A just machine to make big decisions
Programmed by fellows (and gals) with compassion and vision
We'll be clean when their work is done
We'll be eternally free yes, and eternally young
Donald Fagen —> I.G.Y.
(Slightly modified for inclusiveness)

  • Comment on Fetching 'http://search.cpan.org/uploads.rdf' (from cpan) LibXML error is triggered

Replies are listed 'Best First'.
Re: Fetching 'http://search.cpan.org/uploads.rdf' (from cpan) LibXML error is triggered
by Haarg (Priest) on Nov 06, 2025 at 12:47 UTC
    I've updated MetaCPAN to allow access to https://metacpan.org/recent.rdf using mechanized clients without needing a JavaScript challenge. This should fix the CPAN client's recent command.
Re: Fetching 'http://search.cpan.org/uploads.rdf' (from cpan) LibXML error is triggered
by choroba (Cardinal) on Nov 05, 2025 at 18:42 UTC
    CPAN is not ready for exception objects.

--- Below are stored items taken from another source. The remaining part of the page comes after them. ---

(* Let $N \ge 1$ and let $W_N$ be the set of binary words of length $N$. Define $\varphi_6 : W_N \to W_N$ by $\varphi_6(u) = v\, 01011\, 0^p v'$ if $u = v 0^p 10110 v'$ where $p \geq 2$, $v'$ is a (possibly empty) word, and $v$ is a (possibly empty) word which is either empty or ends with the letter $1$ and such that $v 0^p$ does not contain $0010110$ as a contiguous subword; and $\varphi_6(u) = u$ otherwise. Then $|P(\varphi_6(u))| \leq |P(u)|$ for every $u \in W_N$.
   Context: For a binary word $x$, $x^j$ denotes $j$ concatenated copies of $x$, and juxtaposition denotes concatenation. For a binary word $w = w_1 \cdots w_\ell$ of length $\ell$, $P(w)$ is the set of indices $i \geq 2$ such that at least one of the following holds: (i) $\ell \geq i$ and $w_{i-1} w_i = 00$; (ii) $\ell \geq i+2$ and $w_{i-1} w_i w_{i+1} w_{i+2} = 0100$; (iii) $\ell \geq i+3$ and $w_{i-1} \cdots w_{i+3} = 01010$. *)

theory Defs
  imports Main "HOL-Library.Sublist"
begin

text \<open>Binary words are lists of naturals over the alphabet {0,1}; positions are 1-based
  in the paper, so the letter w_j is  w ! (j - 1).\<close>

definition W :: "nat \<Rightarrow> nat list set" where
  "W N = {w. length w = N \<and> set w \<subseteq> {0, 1}}"

definition P :: "nat list \<Rightarrow> nat set" where
  "P w = {i. 2 \<le> i \<and>
      ((length w \<ge> i \<and> w ! (i - 2) = 0 \<and> w ! (i - 1) = 0)
     \<or> (length w \<ge> i + 2 \<and> take 4 (drop (i - 2) w) = [0, 1, 0, 0])
     \<or> (length w \<ge> i + 3 \<and> take 5 (drop (i - 2) w) = [0, 1, 0, 1, 0]))}"

definition phi6_dec :: "nat list \<Rightarrow> nat list \<Rightarrow> nat \<Rightarrow> nat list \<Rightarrow> bool" where
  "phi6_dec u v p v' \<longleftrightarrow>
     u = v @ replicate p 0 @ [1, 0, 1, 1, 0] @ v' \<and> p \<ge> 2 \<and>
     (v = [] \<or> last v = 1) \<and>
     \<not> sublist [0, 0, 1, 0, 1, 1, 0] (v @ replicate p 0)"

definition phi6 :: "nat list \<Rightarrow> nat list" where
  "phi6 u = (if \<exists>v p v'. phi6_dec u v p v'
     then (let (v, p, v') = (SOME (v, p, v'). phi6_dec u v p v')
           in v @ [0, 1, 0, 1, 1] @ replicate p 0 @ v')
     else u)"

end

theory Submission
  imports Defs
begin

text \<open>An index j + 2 lies in P w exactly when one of the patterns 00, 0100, 01010 begins at
  the 0-based position j of w, so card (P w) counts the suffixes of w that begin with a pattern.
  Since v is empty or ends in 1, moving the block 0^p 10110 to 01011 0^p does not change which
  suffixes starting inside v begin with a pattern, and inside the block both sides contribute
  p - 1 occurrences (from the run of zeros) besides those of 0 v'. Hence phi6 even preserves
  card P.\<close>

definition pattern_prefix :: "nat list \<Rightarrow> bool" where
  "pattern_prefix w \<longleftrightarrow> take 2 w = [0, 0] \<or> take 4 w = [0, 1, 0, 0] \<or> take 5 w = [0, 1, 0, 1, 0]"

lemma take_drop_length_le:
  "take k (drop j w) = xs \<Longrightarrow> length xs = k \<Longrightarrow> xs \<noteq> [] \<Longrightarrow> j + k \<le> length w"
  by (auto simp: min_def split: if_splits)

lemma take_2_drop_eq_iff:
  "take 2 (drop j w) = [a, b] \<longleftrightarrow> j + 2 \<le> length w \<and> w ! j = a \<and> w ! Suc j = b"
proof (cases "j + 2 \<le> length w")
  case True
  then have "drop j w = w ! j # w ! Suc j # drop (j + 2) w" by (simp add: Cons_nth_drop_Suc)
  then show ?thesis using True by simp
next
  case False
  then show ?thesis using take_drop_length_le[of 2 j w "[a, b]"] by auto
qed

lemma Suc_Suc_mem_P_iff:
  "j + 2 \<in> P w \<longleftrightarrow> j < length w \<and> pattern_prefix (drop j w)"
  unfolding P_def pattern_prefix_def take_2_drop_eq_iff
  by (auto dest: take_drop_length_le)

lemma P_eq_image: "P w = (\<lambda>j. j + 2) ` {j. j < length w \<and> pattern_prefix (drop j w)}"
proof (rule set_eqI)
  fix i
  show "i \<in> P w \<longleftrightarrow> i \<in> (\<lambda>j. j + 2) ` {j. j < length w \<and> pattern_prefix (drop j w)}"
  proof (cases "2 \<le> i")
    case True
    then obtain j where "i = j + 2" by (metis le_add_diff_inverse2)
    then show ?thesis by (auto simp: Suc_Suc_mem_P_iff[symmetric])
  next
    case False
    then show ?thesis by (auto simp: P_def)
  qed
qed

fun pattern_count :: "nat list \<Rightarrow> nat" where
  "pattern_count [] = 0"
| "pattern_count (x # xs) = (if pattern_prefix (x # xs) then 1 else 0) + pattern_count xs"

lemma pattern_count_eq_card:
  "pattern_count w = card {j. j < length w \<and> pattern_prefix (drop j w)}"
proof (induction w)
  case Nil
  then show ?case by simp
next
  case (Cons x xs)
  have "{j. j < length (x # xs) \<and> pattern_prefix (drop j (x # xs))} =
      (if pattern_prefix (x # xs) then {0} else {}) \<union>
      Suc ` {j. j < length xs \<and> pattern_prefix (drop j xs)}"
    by (auto simp: image_iff less_Suc_eq_0_disj)
  then show ?case using Cons.IH by (simp add: card_image card_insert_if)
qed

lemma card_P_eq_pattern_count: "card (P w) = pattern_count w"
  unfolding P_eq_image pattern_count_eq_card by (rule card_image) (simp add: inj_on_def)

lemma pattern_count_append_cong:
  assumes "\<And>j. j < length v \<Longrightarrow> pattern_prefix (drop j v @ w) = pattern_prefix (drop j v @ w')"
    and "pattern_count w = pattern_count w'"
  shows "pattern_count (v @ w) = pattern_count (v @ w')"
  using assms
proof (induction v)
  case Nil
  then show ?case by simp
next
  case (Cons x v)
  have "pattern_count (v @ w) = pattern_count (v @ w')"
    using Cons.IH Cons.prems(1)[of "Suc _"] Cons.prems(2) by simp
  then show ?case using Cons.prems(1)[of 0] by simp
qed

lemma pattern_count_replicate_zero:
  "pattern_count (replicate n 0 @ 0 # w) = n + pattern_count (0 # w)"
proof (induction n)
  case 0
  then show ?case by simp
next
  case (Suc n)
  have "replicate (Suc n) 0 @ 0 # w = 0 # 0 # replicate n 0 @ w"
    by (simp add: replicate_app_Cons_same)
  moreover have "pattern_prefix (0 # 0 # x)" for x by (simp add: pattern_prefix_def)
  ultimately show ?case using Suc.IH by (simp add: replicate_app_Cons_same)
qed

lemma pattern_count_swap_block:
  assumes "p \<ge> 2"
  shows "pattern_count (replicate p 0 @ [1, 0, 1, 1, 0] @ w) =
    pattern_count ([0, 1, 0, 1, 1] @ replicate p 0 @ w)"
proof -
  obtain q where q: "p = Suc (Suc q)" using assms by (metis add_2_eq_Suc le_Suc_ex)
  have zeros: "replicate p 0 @ x = replicate (Suc q) 0 @ 0 # x" for x :: "nat list"
    by (simp add: q replicate_app_Cons_same)
  have "pattern_count (replicate p 0 @ [1, 0, 1, 1, 0] @ w) = Suc q + pattern_count (0 # w)"
    unfolding zeros pattern_count_replicate_zero by (simp add: pattern_prefix_def)
  also have "\<dots> = pattern_count (replicate p 0 @ w)"
    unfolding zeros pattern_count_replicate_zero ..
  also have "\<dots> = pattern_count ([0, 1, 0, 1, 1] @ replicate p 0 @ w)"
    by (simp add: pattern_prefix_def q)
  finally show ?thesis .
qed

lemma pattern_prefix_swap_block:
  assumes "s \<noteq> []" "last s = 1" "p \<ge> 2"
  shows "pattern_prefix (s @ replicate p 0 @ [1, 0, 1, 1, 0] @ w) =
    pattern_prefix (s @ [0, 1, 0, 1, 1] @ replicate p 0 @ w)"
proof -
  \<comment> \<open>A pattern starting in s and running past its final 1 forces s = 01 or s = 0101,
    and both continuations then complete a pattern.\<close>
  obtain q where q: "p = Suc (Suc q)" using assms(3) by (metis add_2_eq_Suc le_Suc_ex)
  obtain t where t: "s = t @ [1]" using assms by (metis append_butlast_last_id)
  show ?thesis
  proof (cases "length s \<ge> 5")
    case True
    then show ?thesis by (simp add: pattern_prefix_def take_append)
  next
    case False
    then have "length t < 4" by (simp add: t)
    then have "length t = 0 \<or> length t = 1 \<or> length t = 2 \<or> length t = 3" by linarith
    then show ?thesis unfolding t q by (auto simp: pattern_prefix_def length_Suc_conv)
  qed
qed

lemma card_P_phi6_dec:
  assumes "phi6_dec u v p v'"
  shows "card (P (v @ [0, 1, 0, 1, 1] @ replicate p 0 @ v')) = card (P u)"
proof -
  from assms have u: "u = v @ replicate p 0 @ [1, 0, 1, 1, 0] @ v'" and p: "p \<ge> 2"
    and last_v: "v = [] \<or> last v = 1"
    unfolding phi6_dec_def by auto
  have "pattern_prefix (drop j v @ replicate p 0 @ [1, 0, 1, 1, 0] @ v') =
      pattern_prefix (drop j v @ [0, 1, 0, 1, 1] @ replicate p 0 @ v')" if "j < length v" for j
    using that last_v by (intro pattern_prefix_swap_block p) (auto simp: last_drop)
  then have "pattern_count u = pattern_count (v @ [0, 1, 0, 1, 1] @ replicate p 0 @ v')"
    unfolding u by (intro pattern_count_append_cong pattern_count_swap_block p)
  then show ?thesis by (simp add: card_P_eq_pattern_count)
qed

lemma phi6_cases:
  obtains "phi6 u = u"
  | v p v' where "phi6_dec u v p v'" "phi6 u = v @ [0, 1, 0, 1, 1] @ replicate p 0 @ v'"
proof (cases "\<exists>v p v'. phi6_dec u v p v'")
  case True
  then have "\<exists>x. (\<lambda>(v, p, v'). phi6_dec u v p v') x" by auto
  then have "(\<lambda>(v, p, v'). phi6_dec u v p v') (SOME (v, p, v'). phi6_dec u v p v')"
    by (rule someI_ex)
  then show ?thesis using that(2) True unfolding phi6_def by (auto split: prod.splits)
next
  case False
  then have "phi6 u = u" unfolding phi6_def by auto
  then show ?thesis by (rule that(1))
qed

theorem lemma4p6:
  fixes N :: nat and u :: "nat list"
  assumes "N \<ge> 1" and "u \<in> W N"
  shows "card (P (phi6 u)) \<le> card (P u)"
proof (cases u rule: phi6_cases)
  case 1
  then show ?thesis by simp
next
  case (2 v p v')
  then show ?thesis using card_P_phi6_dec[of u v p v'] by simp
qed

end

    I modified the source of CPAN.pm by adding

    use Data::Dumper; print STDERR Dumper($err);
    right before line 397.

    This was the output:

    $VAR1 = bless( { 'context' => ' />', 'message' => 'Specification mandates value for attrib +ute crossorigin ', 'num2' => 5, '_prev' => undef, 'code' => 41, 'str1' => 'crossorigin', 'level' => 3, 'str2' => undef, 'str3' => undef, 'file' => '', 'num1' => 0, 'domain' => 1, 'column' => 4, '__prev_depth' => 0, 'line' => 14 }, 'XML::LibXML::Error' );

    map{substr$_->[0],$_->[1]||0,1}[\*||{},3],[[]],[ref qr-1,-,-1],[{}],[sub{}^*ARGV,3]
Re: Fetching 'http://search.cpan.org/uploads.rdf' (from cpan) LibXML error is triggered
by ikegami (Patriarch) on Nov 06, 2025 at 00:04 UTC

    Is this expected?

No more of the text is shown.